President Barack Obama’s health care law has stayed controversial from its 2010 passage to the Supreme Court ruling upholding it last week, but the University of Minnesota has stayed on the same course with its enactment of it the whole time.
The individual mandate, which will require citizens to either purchase health care or face fines starting in 2014, has spurred debate both on and off the University campus. The June 28 ruling upheld most of the act, including the controversial mandate. The vote was 5-4, with Republican President George W. Bush-appointed Chief Justice John Roberts swinging left unexpectedly.
The University has required health insurance as a term of enrollment for 25 years, according to Boynton Health Service Chief Operating Officer Carl Anderson, so the federal mandate applies to coverage most students already have.
Boynton was already in the process of implementing a more comprehensive waiver this fall that will require students to submit either electronic verification or certificates of coverage as proof of insurance. It’s aimed to catch the estimated 7 to 10 percent of uninsured students at the University who slip through the cracks currently.
The majority found that the mandate passes muster because it is Congress collecting taxes, which the government has the authority to do under the Constitution.
University political science student Tom Torkelson said, while he supported the health bill overall, he disagrees with the mandate.
He said the mandate made the otherwise-good bill unnecessarily divisive, and a switch to a Canadian-style, single-payer system would reduce health care costs enough without the mandate. Under the single-payer system, the government collects and distributes health care funds, mainly through taxation.

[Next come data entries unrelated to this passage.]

lemma H43_free_book_plus_edge: "H43_free (book_plus_edge k)"
proof -
  let ?B = "book_plus_edge k" and ?pages = "{2..k+1}"
  let ?nb = "neighbours ?B"
  have False if d: "distinct [a0, a1, a2, a3, a4, a5]"
    and e: "{a0, a1} \<in> ?B" "{a1, a2} \<in> ?B" "{a0, a4} \<in> ?B" "{a4, a5} \<in> ?B" "{a5, a0} \<in> ?B"
    for a0 a1 a2 a3 a4 a5
  proof -
    have nb: "a1 \<in> ?nb a0" "a2 \<in> ?nb a1" "a4 \<in> ?nb a0" "a5 \<in> ?nb a4" "a5 \<in> ?nb a0"
      using e by (simp_all add: neighbours_def insert_commute)
    have spine: "a0 \<in> {0, 1}"
      using e d by (intro book_plus_edge_three_neighbours[of a0 a1 k a4 a5]) (auto simp: insert_commute)
    then have nb_a0: "?nb a0 = insert (1 - a0) ?pages"
      using neighbours_book_plus_edge(1,2)[of k] by auto
    have "1 - a0 \<in> {a4, a5}"
    proof (rule ccontr)
      assume "1 - a0 \<notin> {a4, a5}"
      then have "a4 \<in> ?pages" "a5 \<in> ?pages"
        using nb(3,5) nb_a0 by auto
      then show False
        using nb(4) by (auto simp: neighbours_book_plus_edge)
    qed
    then have "a1 \<in> ?pages"
      using nb(1) nb_a0 d by auto
    then have "a2 \<in> {0, 1}"
      using nb(2) by (simp add: neighbours_book_plus_edge)
    then show False
      using spine \<open>1 - a0 \<in> {a4, a5}\<close> d by auto
  qed
  then show ?thesis
    unfolding H43_free_def contains_H43_iff by blast
qed

lemma is_adj_eigenvector_book_plus_edge_iff:
  "is_adj_eigenvector (book_plus_edge k) \<mu> y \<longleftrightarrow> (\<exists>v\<in>{0..k+3}. y v \<noteq> 0) \<and>
     y 1 + (\<Sum>i=2..k+1. y i) = \<mu> * y 0 \<and> y 0 + (\<Sum>i=2..k+1. y i) = \<mu> * y 1 \<and>
     (\<forall>i\<in>{2..k+1}. y 0 + y 1 = \<mu> * y i) \<and> y (k+3) = \<mu> * y (k+2) \<and> y (k+2) = \<mu> * y (k+3)"
  (is "_ \<longleftrightarrow> ?rhs")
proof -
  let ?B = "book_plus_edge k"
  have ball: "(\<forall>v\<in>{0..k+3}. P v) \<longleftrightarrow> P 0 \<and> P 1 \<and> (\<forall>i\<in>{2..k+1}. P i) \<and> P (k+2) \<and> P (k+3)"
    for P :: "nat \<Rightarrow> bool"
  proof -
    have split: "{0..k+3} = {0, 1, k+2, k+3} \<union> {2..k+1}"
      by auto
    show ?thesis
      by (subst split) auto
  qed
  have "is_adj_eigenvector ?B \<mu> y \<longleftrightarrow> (\<exists>v\<in>{0..k+3}. y v \<noteq> 0) \<and>
      (\<forall>v\<in>{0..k+3}. (\<Sum>w\<in>neighbours ?B v. y w) = \<mu> * y v)"
    unfolding is_adj_eigenvector_def sum_adj_eq_sum_neighbours[OF simple_graph_book_plus_edge]
    unfolding verts_book_plus_edge ..
  also have "\<dots> \<longleftrightarrow> ?rhs"
    unfolding ball[where P = "\<lambda>v. (\<Sum>w\<in>neighbours ?B v. y w) = \<mu> * y v"]
    by (simp add: neighbours_book_plus_edge[simplified])
  finally show ?thesis .
qed

definition book_root :: "nat \<Rightarrow> real" where
  "book_root k = (1 + sqrt (1 + 8 * real k)) / 2"

lemma book_root_sq: "(book_root k)\<^sup>2 = book_root k + 2 * real k"
  by (simp add: book_root_def power2_eq_square algebra_simps)

lemma book_root_ge_one: "1 \<le> book_root k"
  by (simp add: book_root_def)

lemma book_root_ge_thirteen_halves: "18 \<le> k \<Longrightarrow> 13/2 \<le> book_root k"
proof -
  assume "18 \<le> k"
  then have "12 \<le> sqrt (1 + 8 * real k)"
    by (intro real_le_rsqrt) simp
  then show ?thesis
    by (simp add: book_root_def)
qed

lemma book_root_le_imp_sq_minus_ge: "book_root k \<le> r \<Longrightarrow> 2 * real k \<le> r\<^sup>2 - r"
proof -
  assume le: "book_root k \<le> r"
  then have "0 \<le> (r - book_root k) * (r + book_root k - 1)"
    using book_root_ge_one[of k] by simp
  then show ?thesis
    using book_root_sq[of k] by (simp add: algebra_simps power2_eq_square)
qed

lemma book_root_eigenvalue: "book_root k \<in> adj_eigenvalues (book_plus_edge k)"
proof -
  let ?r = "book_root k"
  define y where "y i = (if i \<le> 1 then 1 else if i \<le> k+1 then 2 / ?r else 0)" for i :: nat
  have "1 + real k * (2 / ?r) = ?r"
    using book_root_sq[of k] book_root_ge_one[of k] by (simp add: field_simps power2_eq_square)
  then have "is_adj_eigenvector (book_plus_edge k) ?r y"
    using book_root_ge_one[of k]
    unfolding is_adj_eigenvector_book_plus_edge_iff by (auto simp: y_def intro: bexI[of _ 0])
  then show ?thesis
    by (auto simp: adj_eigenvalues_def)
qed

lemma adj_eigenvalues_book_plus_edge:
  "adj_eigenvalues (book_plus_edge k) \<subseteq> {0, 1, -1, book_root k, 1 - book_root k}"
proof
  fix \<mu> assume "\<mu> \<in> adj_eigenvalues (book_plus_edge k)"
  then obtain y where "is_adj_eigenvector (book_plus_edge k) \<mu> y"
    by (auto simp: adj_eigenvalues_def)
  then have nonzero: "\<exists>v\<in>{0..k+3}. y v \<noteq> 0"
    and e0: "y 1 + (\<Sum>i=2..k+1. y i) = \<mu> * y 0" and e1: "y 0 + (\<Sum>i=2..k+1. y i) = \<mu> * y 1"
    and pages: "\<And>i. i \<in> {2..k+1} \<Longrightarrow> y 0 + y 1 = \<mu> * y i"
    and e2: "y (k+3) = \<mu> * y (k+2)" and e3: "y (k+2) = \<mu> * y (k+3)"
    unfolding is_adj_eigenvector_book_plus_edge_iff by blast+
  show "\<mu> \<in> {0, 1, -1, book_root k, 1 - book_root k}"
  proof (rule ccontr)
    assume "\<mu> \<notin> {0, 1, -1, book_root k, 1 - book_root k}"
    then have \<mu>: "\<mu> \<noteq> 0" "\<mu> \<noteq> 1" "\<mu> \<noteq> -1" "\<mu> \<noteq> book_root k" "\<mu> \<noteq> 1 - book_root k"
      by auto
    have "(1 - \<mu>) * (1 + \<mu>) * y (k+2) = 0"
      using e2 e3 by (simp add: algebra_simps)
    then have y2: "y (k+2) = 0" and y3: "y (k+3) = 0"
      using \<mu> e2 by auto
    have "(1 + \<mu>) * (y 1 - y 0) = 0"
      using e0 e1 by (simp add: algebra_simps)
    then have y1: "y 1 = y 0"
      using \<mu> by simp
    have yi: "y i = 2 * y 0 / \<mu>" if "i \<in> {2..k+1}" for i
      using pages[OF that] y1 \<mu> by (simp add: field_simps)
    then have "y 0 + real k * (2 * y 0 / \<mu>) = \<mu> * y 0"
      using e0 y1 by simp
    then have "y 0 * ((\<mu> - book_root k) * (\<mu> - (1 - book_root k))) = 0"
      using \<mu> book_root_sq[of k] by (simp add: field_simps power2_eq_square)
    then have y0: "y 0 = 0"
      using \<mu> by simp
    have "y v = 0" if "v \<in> {0..k+3}" for v
    proof -
      have "v = 0 \<or> v = 1 \<or> v \<in> {2..k+1} \<or> v = k+2 \<or> v = k+3"
        using that by auto
      then show ?thesis
        using y0 y1 yi y2 y3 by auto
    qed
    then show False
      using nonzero by blast
  qed
qed

lemma book_root_le_spectral_radius: "book_root k \<le> spectral_radius (book_plus_edge k)"
  unfolding spectral_radius_def
  by (rule Max_ge[OF finite_subset[OF adj_eigenvalues_book_plus_edge] book_root_eigenvalue]) simp

section \<open>The neighbourhood of a vertex of maximum Perron weight\<close>

locale H43_free_large_rho =
  fixes E :: "'a set set" and x :: "'a \<Rightarrow> real" and u :: 'a and \<rho> :: real
  assumes simple: "simple_graph E" and H43_free: "H43_free E" and u_vert: "u \<in> verts E"
    and x_pos: "\<And>v. v \<in> verts E \<Longrightarrow> 0 < x v"
    and x_le: "\<And>v. v \<in> verts E \<Longrightarrow> x v \<le> x u"
    and eigen: "\<And>v. v \<in> verts E \<Longrightarrow> (\<Sum>w\<in>verts E. adj E v w * x w) = \<rho> * x v"
    and rho_ge: "13/2 \<le> \<rho>"
    and rho_sq_ge: "real (card E) - 2 \<le> \<rho>\<^sup>2 - \<rho>"
begin

abbreviation "V \<equiv> verts E"

abbreviation "N \<equiv> neighbours E u"

abbreviation "Out \<equiv> V - insert u N"

abbreviation "c \<equiv> x u"

lemma finite_V: "finite V"
  using simple by (rule finite_verts)

lemma N_subset_V: "N \<subseteq> V"
  by (rule neighbours_subset_verts)

lemma finite_N: "finite N"
  using finite_V N_subset_V by (rule finite_subset[rotated])

lemma finite_Out: "finite Out"
  using finite_V by simp

lemma mem_N_iff: "v \<in> N \<longleftrightarrow> {u, v} \<in> E"
  by (simp add: neighbours_def)

lemma u_notin_N: "u \<notin> N"
  using simple_graph_edge_neq[OF simple, of u u] by (auto simp: mem_N_iff)

lemma c_pos: "0 < c"
  using x_pos[OF u_vert] .

lemma x_nonneg: "v \<in> V \<Longrightarrow> 0 \<le> x v"
  using x_pos[of v] by simp

lemma adj_u: "adj E u w = (if w \<in> N then 1 else 0)" and adj_u': "adj E w u = (if w \<in> N then 1 else 0)"
  by (simp_all add: adj_def mem_N_iff insert_commute)

lemma adj_mult_x_le: "w \<in> V \<Longrightarrow> adj E v w * x w \<le> c"
  using x_le[of w] x_pos[of w] by (simp add: adj_def)

lemma sum_V_split: "(\<Sum>w\<in>V. f w) = f u + (\<Sum>w\<in>N. f w) + (\<Sum>w\<in>Out. f w)"
proof -
  have V: "V = insert u (N \<union> Out)"
    using N_subset_V u_vert by auto
  have "(\<Sum>w\<in>V. f w) = (\<Sum>w\<in>insert u (N \<union> Out). f w)"
    by (rule arg_cong[OF V])
  also have "\<dots> = f u + (\<Sum>w\<in>N \<union> Out. f w)"
    using finite_N finite_Out u_notin_N by (intro sum.insert) auto
  also have "(\<Sum>w\<in>N \<union> Out. f w) = (\<Sum>w\<in>N. f w) + (\<Sum>w\<in>Out. f w)"
    using finite_N finite_Out by (intro sum.union_disjoint) auto
  finally show ?thesis
    by (simp add: add.assoc)
qed

lemma eigen_split:
  "v \<in> V \<Longrightarrow> \<rho> * x v = adj E v u * c + (\<Sum>w\<in>N. adj E v w * x w) + (\<Sum>w\<in>Out. adj E v w * x w)"
  using eigen[of v] sum_V_split[of "\<lambda>w. adj E v w * x w"] by simp

lemma eigen_N: "v \<in> N \<Longrightarrow> \<rho> * x v = c + (\<Sum>w\<in>N. adj E v w * x w) + (\<Sum>w\<in>Out. adj E v w * x w)"
  using eigen_split[of v] N_subset_V by (auto simp: adj_u')

lemma eigen_Out: "w \<in> Out \<Longrightarrow> \<rho> * x w = (\<Sum>y\<in>N. adj E w y * x y) + (\<Sum>y\<in>Out. adj E w y * x y)"
  using eigen_split[of w] by (simp add: adj_u')

lemma rho_mult_c: "\<rho> * c = (\<Sum>w\<in>N. x w)"
  using eigen_split[OF u_vert] by (simp add: adj_u adj_self[OF simple] Diff_iff)

lemma rho_sq_mult_c:
  "\<rho>\<^sup>2 * c = real (card N) * c + (\<Sum>v\<in>N. \<Sum>w\<in>N. adj E v w * x w) + (\<Sum>v\<in>N. \<Sum>w\<in>Out. adj E v w * x w)"
proof -
  have "\<rho>\<^sup>2 * c = \<rho> * (\<rho> * c)"
    by (simp add: power2_eq_square)
  also have "\<dots> = (\<Sum>v\<in>N. \<rho> * x v)"
    by (simp add: rho_mult_c sum_distrib_left)
  also have "\<dots> = (\<Sum>v\<in>N. c + (\<Sum>w\<in>N. adj E v w * x w) + (\<Sum>w\<in>Out. adj E v w * x w))"
    by (intro sum.cong refl eigen_N)
  finally show ?thesis
    by (simp add: sum.distrib)
qed

definition "inner = (\<Sum>v\<in>N. \<Sum>w\<in>N. adj E v w * (2 * x w - c))"

definition "cross = (\<Sum>v\<in>N. \<Sum>w\<in>Out. adj E v w * (c - x w))"

definition "outer = (\<Sum>v\<in>Out. \<Sum>w\<in>Out. adj E v w)"

lemma twice_card_E_split:
  "2 * real (card E) = 2 * real (card N) + (\<Sum>v\<in>N. \<Sum>w\<in>N. adj E v w)
     + 2 * (\<Sum>v\<in>N. \<Sum>w\<in>Out. adj E v w) + outer"
proof -
  have row: "(\<Sum>w\<in>V. adj E v w) = adj E v u + (\<Sum>w\<in>N. adj E v w) + (\<Sum>w\<in>Out. adj E v w)" for v
    by (rule sum_V_split)
  have "2 * real (card E) = (\<Sum>v\<in>V. \<Sum>w\<in>V. adj E v w)"
    using sum_sum_adj_eq_twice_card[OF simple] by simp
  also have "\<dots> = (\<Sum>w\<in>V. adj E u w) + (\<Sum>v\<in>N. \<Sum>w\<in>V. adj E v w) + (\<Sum>v\<in>Out. \<Sum>w\<in>V. adj E v w)"
    by (rule sum_V_split)
  also have "(\<Sum>w\<in>V. adj E u w) = real (card N)"
    using row[of u] by (simp add: adj_u adj_self[OF simple])
  also have "(\<Sum>v\<in>N. \<Sum>w\<in>V. adj E v w)
      = real (card N) + (\<Sum>v\<in>N. \<Sum>w\<in>N. adj E v w) + (\<Sum>v\<in>N. \<Sum>w\<in>Out. adj E v w)"
    by (simp add: row adj_u' sum.distrib)
  also have "(\<Sum>v\<in>Out. \<Sum>w\<in>V. adj E v w) = (\<Sum>v\<in>Out. \<Sum>w\<in>N. adj E v w) + outer"
    by (simp add: row adj_u' sum.distrib outer_def)
  also have "(\<Sum>v\<in>Out. \<Sum>w\<in>N. adj E v w) = (\<Sum>v\<in>N. \<Sum>w\<in>Out. adj E v w)"
    by (subst sum.swap) (simp add: adj_commute)
  finally show ?thesis
    by simp
qed

text \<open>Multiply \<open>\<rho>\<^sup>2 - \<rho> \<ge> m - 2\<close> by \<open>c\<close>, then expand \<open>\<rho>\<^sup>2 c\<close> by the eigen-equations
  and \<open>2m\<close> by counting edges at \<open>u\<close>, in \<open>N\<close> and in \<open>Out\<close>: the contributions \<open>|N| c\<close> of
  the edges at \<open>u\<close> cancel.\<close>

lemma inner_ge: "2 * (\<rho> - 2) * c + 2 * cross + outer * c \<le> inner"
proof -
  define NN where "NN = (\<Sum>v\<in>N. \<Sum>w\<in>N. adj E v w)"
  define NO where "NO = (\<Sum>v\<in>N. \<Sum>w\<in>Out. adj E v w)"
  define xNN where "xNN = (\<Sum>v\<in>N. \<Sum>w\<in>N. adj E v w * x w)"
  define xNO where "xNO = (\<Sum>v\<in>N. \<Sum>w\<in>Out. adj E v w * x w)"
  have inner: "inner = 2 * xNN - NN * c"
    unfolding inner_def xNN_def NN_def
    by (simp add: algebra_simps sum_subtractf sum_distrib_left sum_distrib_right)
  have cross: "cross = NO * c - xNO"
    unfolding cross_def xNO_def NO_def
    by (simp add: algebra_simps sum_subtractf sum_distrib_left sum_distrib_right)
  have "(real (card E) - 2) * c \<le> (\<rho>\<^sup>2 - \<rho>) * c"
    using rho_sq_ge c_pos by (simp add: mult_right_mono)
  then have "(2 * real (card E)) * c - 4 * c \<le> 2 * (\<rho>\<^sup>2 * c) - 2 * (\<rho> * c)"
    by (simp add: algebra_simps)
  then have "(2 * real (card N) + NN + 2 * NO + outer) * c - 4 * c
      \<le> 2 * (real (card N) * c + xNN + xNO) - 2 * (\<rho> * c)"
    unfolding twice_card_E_split rho_sq_mult_c NN_def NO_def xNN_def xNO_def .
  then show ?thesis
    unfolding inner cross by (simp add: algebra_simps)
qed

Lynn A. Blewett, director of the State Health Access Data Assistance Center, said she was relieved the individual mandate didn’t sink Affordable Care. Her organization, housed in the University’s School of Public Health, is currently working in a partnership with 10 other states on national health reform, so returning to the incremental pre-ACA system for state funding would have been a serious setback, she said.
Lawrence Jacobs, director of the Center for the Study of Politics and Governance at the University, said the mandate was only ever going to affect a few people. He said after subtracting the 18- to 26-year-olds newly covered on their parents’ plans, those receiving health benefits through their employers and everyone on Medicaid, only about 2 in every 100 people would have to purchase insurance.
Still, the bill sets many new precedents at once, which he said “doesn’t happen more than a few times in a lifetime.”
Anderson said he thinks the ruling suggests Boynton’s commitment to the health care safety net “is being recognized on a much bigger level.”
Jacobs said he also considers the Supreme Court’s decision pivotal. But he said he believes this based on his review of ACA provisions that were overlooked before the ruling.
The bill initially allowed the federal government to pull state funding for Medicaid if states failed to comply with the law’s plan for expanded coverage. Many state leaders saw this as coercive, and the courts agreed that it constituted an excess of federal influence, Jacobs said.
As the act stands now, the federal government cannot pull existing Medicaid funds from states, but they can withhold additional money from states that don’t expand access.
Blewett said a state’s decision not to go along with the federal plan would “really just amount to a loss.”
In states like Texas — which has about 6 million uninsured people compared to Minnesota’s approximately 450,000 — this gentler version of the Medicaid provision still amounts to plenty of financial pressure.
“There are a lot of wrinkles in the ruling,” Jacobs said.
He said he hopes now that the court has officially put the constitutionality debate to bed, discussion can progress to the bill’s other strengths and weaknesses.
—The Associated Press contributed to this report.